"Swiss Customs." by Miss Cecile Gohl.
Publication: Eagle, Mary Kavanaugh Oldham, ed. The Congress of Women: Held in the Woman's Building, World's Columbian Exposition, Chicago, U. S. A., 1893. Chicago, Ill: Monarch Book Company, 1894. pp. 316-317.
|MISS CECILE GOHL.|
Switzerland, your tiny sister republic, has long been reputed as one of the show-places of the world, attracting tourists of all countries to admire our professional beauties, the Alps. This year, however, the pendulum has been pleased to swing the other way, and, behold! Chicago has become the show-place of the globe–for just one season. All Europeans who can afford it are flocking Chicagoward, and all loyal Americans are supposed to stay at home doing the honors of this wonderful country to the foreigners.
Considering the poor business outlook for Switzerland under these circumstances, she could easily have spared a mountain or two to represent her as loan exhibits in Chicago. She might even have been coaxed to send the "Jungfrau," if America, with her superior engineering skill and powerful machinery, had assumed charge of the transfer and given a guarantee to return the exhibit in good condition. My country is very little, but it has standing exhibits so very large as to realize even Chicago's standard of greatness.

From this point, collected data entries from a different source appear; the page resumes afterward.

(* Any degree-three IQP circuit $H^{\otimes n}D_{IQP3}H^{\otimes n}$ on $n$ qubits whose diagonal part $D_{IQP3}$ consists of $d$ layers of $Z$, $CZ$ and $CCZ$ gates can be compiled, after appending $O(nd)$ ancilla qubits initialized to $|0\rangle$ (and returned to $|0\rangle$), into an equivalent circuit consisting of Clifford gates and a single layer of gates $T^{\pm1}$.
   Context: A degree-three IQP circuit has the form $H^{\otimes n}D_{IQP3}H^{\otimes n}$ where $D_{IQP3}$ is a product of $Z$, $CZ$ and $CCZ$ gates. $T=\mathrm{diag}(1,e^{i\pi/4})$. A single layer means the $T^{\pm1}$ gates act in parallel on distinct qubits. The Clifford group is generated by $H$, $S=\mathrm{diag}(1,i)$ and CNOT. *)

theory Defs
  imports Complex_Main
begin

text \<open>Qubits are numbered 0,1,2,...; a computational basis state of N qubits is a
  bool list of length N (entry i = value of qubit i). An operator on N qubits is given
  by its matrix entries, a function from (row basis state, column basis state) to complex.\<close>

datatype gate =
    H nat | S nat | CNOT nat nat | T nat | Tdg nat
  | Z nat | CZ nat nat | CCZ nat nat nat

fun gate_qubits :: "gate \<Rightarrow> nat list" where
  "gate_qubits (H i) = [i]"
| "gate_qubits (S i) = [i]"
| "gate_qubits (CNOT c t) = [c, t]"
| "gate_qubits (T i) = [i]"
| "gate_qubits (Tdg i) = [i]"
| "gate_qubits (Z i) = [i]"
| "gate_qubits (CZ i j) = [i, j]"
| "gate_qubits (CCZ i j k) = [i, j, k]"

definition bits :: "nat \<Rightarrow> bool list set" where
  "bits N = {x. length x = N}"

fun gate_mat :: "gate \<Rightarrow> bool list \<Rightarrow> bool list \<Rightarrow> complex" where
  "gate_mat (H i) x y =
     (if x[i := False] = y[i := False]
      then (if x ! i \<and> y ! i then -1 else 1) / complex_of_real (sqrt 2) else 0)"
| "gate_mat (S i) x y = (if x = y then (if x ! i then \<i> else 1) else 0)"
| "gate_mat (CNOT c t) x y = (if x = y[t := (y ! t \<noteq> y ! c)] then 1 else 0)"
| "gate_mat (T i) x y = (if x = y then (if x ! i then exp (\<i> * complex_of_real (pi / 4)) else 1) else 0)"
| "gate_mat (Tdg i) x y = (if x = y then (if x ! i then exp (- \<i> * complex_of_real (pi / 4)) else 1) else 0)"
| "gate_mat (Z i) x y = (if x = y then (if x ! i then -1 else 1) else 0)"
| "gate_mat (CZ i j) x y = (if x = y then (if x ! i \<and> x ! j then -1 else 1) else 0)"
| "gate_mat (CCZ i j k) x y = (if x = y then (if x ! i \<and> x ! j \<and> x ! k then -1 else 1) else 0)"
lemma Hinf_unit_ball_convergent_subseq:
  fixes fs :: "nat \<Rightarrow> complex \<Rightarrow> complex"
  assumes "weight nu" "\<And>r. 0 \<le> r \<Longrightarrow> r < 1 \<Longrightarrow> 0 < nu r"
    and "\<And>n. fs n holomorphic_on ball 0 1" "\<And>n. \<forall>z\<in>ball 0 1. nu (cmod z) * cmod (fs n z) \<le> 1"
  obtains r f where "strict_mono r" "f holomorphic_on ball 0 1"
    "\<forall>z\<in>ball 0 1. nu (cmod z) * cmod (f z) \<le> 1"
    "\<And>K. compact K \<Longrightarrow> K \<subseteq> ball 0 1 \<Longrightarrow> uniform_limit K (fs \<circ> r) f sequentially"
proof -
  let ?H = "{h. h holomorphic_on ball 0 1 \<and> (\<forall>z\<in>ball 0 1. nu (cmod z) * cmod (h z) \<le> 1)}"
  obtain f r where f: "f holomorphic_on ball 0 1" and r: "strict_mono (r :: nat \<Rightarrow> nat)"
    and lim: "\<And>z. z \<in> ball 0 1 \<Longrightarrow> (\<lambda>n. fs (r n) z) \<longlonglongrightarrow> f z"
    and unif: "\<And>K. compact K \<Longrightarrow> K \<subseteq> ball 0 1 \<Longrightarrow> uniform_limit K (fs \<circ> r) f sequentially"
  proof (rule Montel[of "ball 0 1" ?H fs])
    fix K :: "complex set" assume "compact K" "K \<subseteq> ball 0 1"
    then obtain \<rho> where \<rho>: "0 \<le> \<rho>" "\<rho> < 1" "K \<subseteq> cball 0 \<rho>"
      by (rule compact_subset_ball_0_1E)
    have "cmod (h z) \<le> 1 / nu \<rho>" if "h \<in> ?H" "z \<in> K" for h z
    proof -
      have z: "z \<in> ball 0 1" "cmod z \<le> \<rho>" using that \<open>K \<subseteq> ball 0 1\<close> \<rho> by auto
      have "nu \<rho> * cmod (h z) \<le> nu (cmod z) * cmod (h z)"
        using weight_antimono[OF assms(1) _ z(2) \<rho>(2)] by (intro mult_right_mono) auto
      also have "\<dots> \<le> 1" using that z by auto
      finally show ?thesis using assms(2)[OF \<rho>(1,2)] by (simp add: field_simps)
    qed
    then show "\<exists>B. \<forall>h\<in>?H. \<forall>z\<in>K. cmod (h z) \<le> B" by blast
  qed (use assms(3,4) in auto)
  have "nu (cmod z) * cmod (f z) \<le> 1" if "z \<in> ball 0 1" for z
  proof (rule LIMSEQ_le_const2)
    show "(\<lambda>n. nu (cmod z) * cmod (fs (r n) z)) \<longlonglongrightarrow> nu (cmod z) * cmod (f z)"
      by (intro tendsto_intros lim that)
  qed (use assms(4) that in auto)
  then show ?thesis using that r f unif by blast
qed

Old as the "Jungfrau" is, she enjoys the reputation of everlasting beauty; and besides, she would have made herself eminently useful as a refrigerator in the dog days in Jackson Park. You could not have set her up here, for fear of dwarfing the show; you would have had to place her in the lake.
Suppose Mount Washington or Pike's Peak had heard of, or caught a glimpse of, the "Jungfrau" on her journey, and had asked her to stay on this side of the ocean and become, at her option, "Mrs. Pike's Peak," or "Mrs. Mount Washington," there would be, for once, a prospect of a well-matched, solidly-based international marriage.
American travelers in relation to the Swiss custom of tips. Switzerland a crazy quilt. Diversity of races, languages and religions. The engine an enemy to old customs. Superstition, inherited and developed. The village quack and his working method. Quack cure vs. faith cure. Einsiedeln. Customs connected with birth, marriage, death. Easter customs and sports. Ascension Day and ascent of mountains. Swiss people like whipped cream and believe in whipping of children. Traveling schools. Maiden Sunday. Moving to the mountains in the merry month of May. Kuhreihen and Jodel. The magic power of a simple strain. Poetic nature and prosy business on the Alps. The great Canadian cheese eclipsing the record of [Page 317] Swiss cheese. Wrestling match. The Swiss a singing, shooting, athletic people. Cultivation of patriotism. Little Helvetia and great Columbia.
Miss Cecile Gohl is a native of Switzerland. She was educated in Switzerland and spent ten years as a teacher in Sweden. She has traveled in Germany, England, Sweden, Canada and the United States. Her principal literary works are contributions to the Swedish and American press. Her profession is that of teacher, linguist, journalist and lecturer. In religious faith she is Unitarian. Her postoffice address is No. 457 Twenty-first Street, New York City.